# Exercise
Filter the entries, keeping every line with the word "close".

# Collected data
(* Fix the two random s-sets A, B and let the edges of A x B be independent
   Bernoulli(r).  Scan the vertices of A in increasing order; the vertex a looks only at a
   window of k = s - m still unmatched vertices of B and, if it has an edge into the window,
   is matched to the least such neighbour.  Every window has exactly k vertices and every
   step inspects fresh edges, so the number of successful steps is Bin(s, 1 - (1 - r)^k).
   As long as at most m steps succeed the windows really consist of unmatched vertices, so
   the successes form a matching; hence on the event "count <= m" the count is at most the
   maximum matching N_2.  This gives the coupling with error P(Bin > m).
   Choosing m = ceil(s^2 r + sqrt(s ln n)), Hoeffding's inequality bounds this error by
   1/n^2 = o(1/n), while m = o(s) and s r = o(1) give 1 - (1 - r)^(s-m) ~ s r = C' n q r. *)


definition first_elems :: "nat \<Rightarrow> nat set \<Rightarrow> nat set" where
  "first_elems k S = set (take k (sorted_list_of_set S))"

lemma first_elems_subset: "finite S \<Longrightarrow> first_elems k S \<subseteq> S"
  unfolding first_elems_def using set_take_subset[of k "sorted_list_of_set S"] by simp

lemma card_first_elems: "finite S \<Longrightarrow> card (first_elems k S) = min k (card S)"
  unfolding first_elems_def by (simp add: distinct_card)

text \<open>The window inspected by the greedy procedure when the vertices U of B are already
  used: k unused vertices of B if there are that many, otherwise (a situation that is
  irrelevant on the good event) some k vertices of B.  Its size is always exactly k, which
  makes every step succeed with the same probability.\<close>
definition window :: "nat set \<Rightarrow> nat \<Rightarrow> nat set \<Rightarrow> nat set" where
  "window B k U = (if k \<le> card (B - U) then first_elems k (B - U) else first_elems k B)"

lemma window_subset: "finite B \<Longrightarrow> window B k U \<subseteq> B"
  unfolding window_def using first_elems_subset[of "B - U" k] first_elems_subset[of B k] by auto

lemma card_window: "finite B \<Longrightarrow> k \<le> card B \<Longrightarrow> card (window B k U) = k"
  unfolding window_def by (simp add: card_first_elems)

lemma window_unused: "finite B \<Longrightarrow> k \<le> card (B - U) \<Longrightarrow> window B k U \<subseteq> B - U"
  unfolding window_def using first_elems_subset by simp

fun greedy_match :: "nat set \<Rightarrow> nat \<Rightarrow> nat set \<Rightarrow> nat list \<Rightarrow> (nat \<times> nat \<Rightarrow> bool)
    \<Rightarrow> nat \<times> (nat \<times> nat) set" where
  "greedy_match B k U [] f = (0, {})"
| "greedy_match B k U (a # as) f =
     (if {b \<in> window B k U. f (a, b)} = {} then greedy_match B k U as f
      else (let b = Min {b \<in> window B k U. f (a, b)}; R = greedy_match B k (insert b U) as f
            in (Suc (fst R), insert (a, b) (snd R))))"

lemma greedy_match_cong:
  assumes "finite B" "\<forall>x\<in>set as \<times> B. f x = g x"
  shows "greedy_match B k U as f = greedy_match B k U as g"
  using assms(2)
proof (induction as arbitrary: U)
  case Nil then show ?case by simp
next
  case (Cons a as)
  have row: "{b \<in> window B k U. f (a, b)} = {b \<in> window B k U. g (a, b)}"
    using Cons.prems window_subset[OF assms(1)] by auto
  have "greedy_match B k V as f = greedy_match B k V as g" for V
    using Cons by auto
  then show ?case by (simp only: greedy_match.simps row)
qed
--
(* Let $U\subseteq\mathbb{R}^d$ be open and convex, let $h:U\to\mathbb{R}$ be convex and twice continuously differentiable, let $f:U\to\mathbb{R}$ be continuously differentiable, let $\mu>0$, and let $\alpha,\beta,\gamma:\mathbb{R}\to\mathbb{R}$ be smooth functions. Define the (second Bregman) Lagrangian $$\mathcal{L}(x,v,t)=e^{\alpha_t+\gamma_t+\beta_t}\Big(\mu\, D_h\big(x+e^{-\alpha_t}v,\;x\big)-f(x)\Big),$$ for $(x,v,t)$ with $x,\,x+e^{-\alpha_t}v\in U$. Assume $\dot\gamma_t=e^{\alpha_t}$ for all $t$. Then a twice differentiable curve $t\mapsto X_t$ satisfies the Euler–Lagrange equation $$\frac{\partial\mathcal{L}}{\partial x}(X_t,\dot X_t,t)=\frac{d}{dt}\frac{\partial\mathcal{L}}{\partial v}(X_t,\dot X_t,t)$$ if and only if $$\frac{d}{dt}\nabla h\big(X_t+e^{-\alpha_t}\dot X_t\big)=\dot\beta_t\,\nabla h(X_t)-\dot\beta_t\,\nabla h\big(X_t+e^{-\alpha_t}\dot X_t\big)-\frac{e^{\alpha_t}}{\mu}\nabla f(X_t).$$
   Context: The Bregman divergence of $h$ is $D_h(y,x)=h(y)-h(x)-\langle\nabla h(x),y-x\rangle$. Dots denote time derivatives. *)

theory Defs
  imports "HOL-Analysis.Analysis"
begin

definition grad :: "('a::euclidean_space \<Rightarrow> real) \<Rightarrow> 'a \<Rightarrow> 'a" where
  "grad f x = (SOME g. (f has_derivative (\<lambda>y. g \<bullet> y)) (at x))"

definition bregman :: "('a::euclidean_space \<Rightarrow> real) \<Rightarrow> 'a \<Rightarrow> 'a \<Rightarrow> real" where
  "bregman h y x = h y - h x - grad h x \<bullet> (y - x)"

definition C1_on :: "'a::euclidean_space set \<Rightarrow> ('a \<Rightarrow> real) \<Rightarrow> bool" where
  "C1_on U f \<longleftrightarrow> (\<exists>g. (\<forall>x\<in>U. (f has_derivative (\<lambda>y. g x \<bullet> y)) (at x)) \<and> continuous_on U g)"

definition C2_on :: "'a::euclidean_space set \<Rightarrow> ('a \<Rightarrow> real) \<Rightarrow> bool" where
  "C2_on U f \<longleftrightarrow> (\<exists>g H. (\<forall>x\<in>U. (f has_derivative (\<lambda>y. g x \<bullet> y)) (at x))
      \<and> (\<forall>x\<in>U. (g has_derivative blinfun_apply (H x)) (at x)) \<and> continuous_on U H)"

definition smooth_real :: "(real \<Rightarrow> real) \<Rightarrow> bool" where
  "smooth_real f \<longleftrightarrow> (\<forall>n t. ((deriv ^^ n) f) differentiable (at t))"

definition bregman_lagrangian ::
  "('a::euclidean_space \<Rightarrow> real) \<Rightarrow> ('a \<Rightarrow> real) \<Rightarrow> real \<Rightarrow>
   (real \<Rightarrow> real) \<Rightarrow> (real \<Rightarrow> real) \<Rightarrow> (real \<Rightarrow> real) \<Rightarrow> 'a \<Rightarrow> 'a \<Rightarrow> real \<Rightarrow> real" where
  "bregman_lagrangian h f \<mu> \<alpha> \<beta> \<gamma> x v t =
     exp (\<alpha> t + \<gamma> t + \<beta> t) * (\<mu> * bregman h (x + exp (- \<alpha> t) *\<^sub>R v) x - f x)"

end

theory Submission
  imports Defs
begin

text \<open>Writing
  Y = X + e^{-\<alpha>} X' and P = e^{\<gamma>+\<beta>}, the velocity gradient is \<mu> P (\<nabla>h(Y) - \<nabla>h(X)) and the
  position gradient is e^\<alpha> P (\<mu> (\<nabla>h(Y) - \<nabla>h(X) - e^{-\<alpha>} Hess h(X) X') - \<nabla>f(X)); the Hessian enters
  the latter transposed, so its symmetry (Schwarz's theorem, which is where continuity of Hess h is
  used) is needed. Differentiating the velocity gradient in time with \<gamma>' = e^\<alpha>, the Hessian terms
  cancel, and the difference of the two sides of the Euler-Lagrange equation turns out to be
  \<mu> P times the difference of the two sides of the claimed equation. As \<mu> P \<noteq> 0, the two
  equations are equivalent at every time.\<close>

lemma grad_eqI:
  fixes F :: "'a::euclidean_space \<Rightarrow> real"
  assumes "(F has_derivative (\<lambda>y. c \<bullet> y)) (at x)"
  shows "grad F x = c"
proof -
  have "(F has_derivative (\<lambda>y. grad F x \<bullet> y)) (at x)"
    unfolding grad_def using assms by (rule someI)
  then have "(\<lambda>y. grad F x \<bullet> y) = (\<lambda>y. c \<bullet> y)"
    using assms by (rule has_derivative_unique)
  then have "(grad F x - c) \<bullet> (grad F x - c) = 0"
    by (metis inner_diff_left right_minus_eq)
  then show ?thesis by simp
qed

# Answer area
  makes every step succeed with the same probability.\<close>
  equations are equivalent at every time.\<close>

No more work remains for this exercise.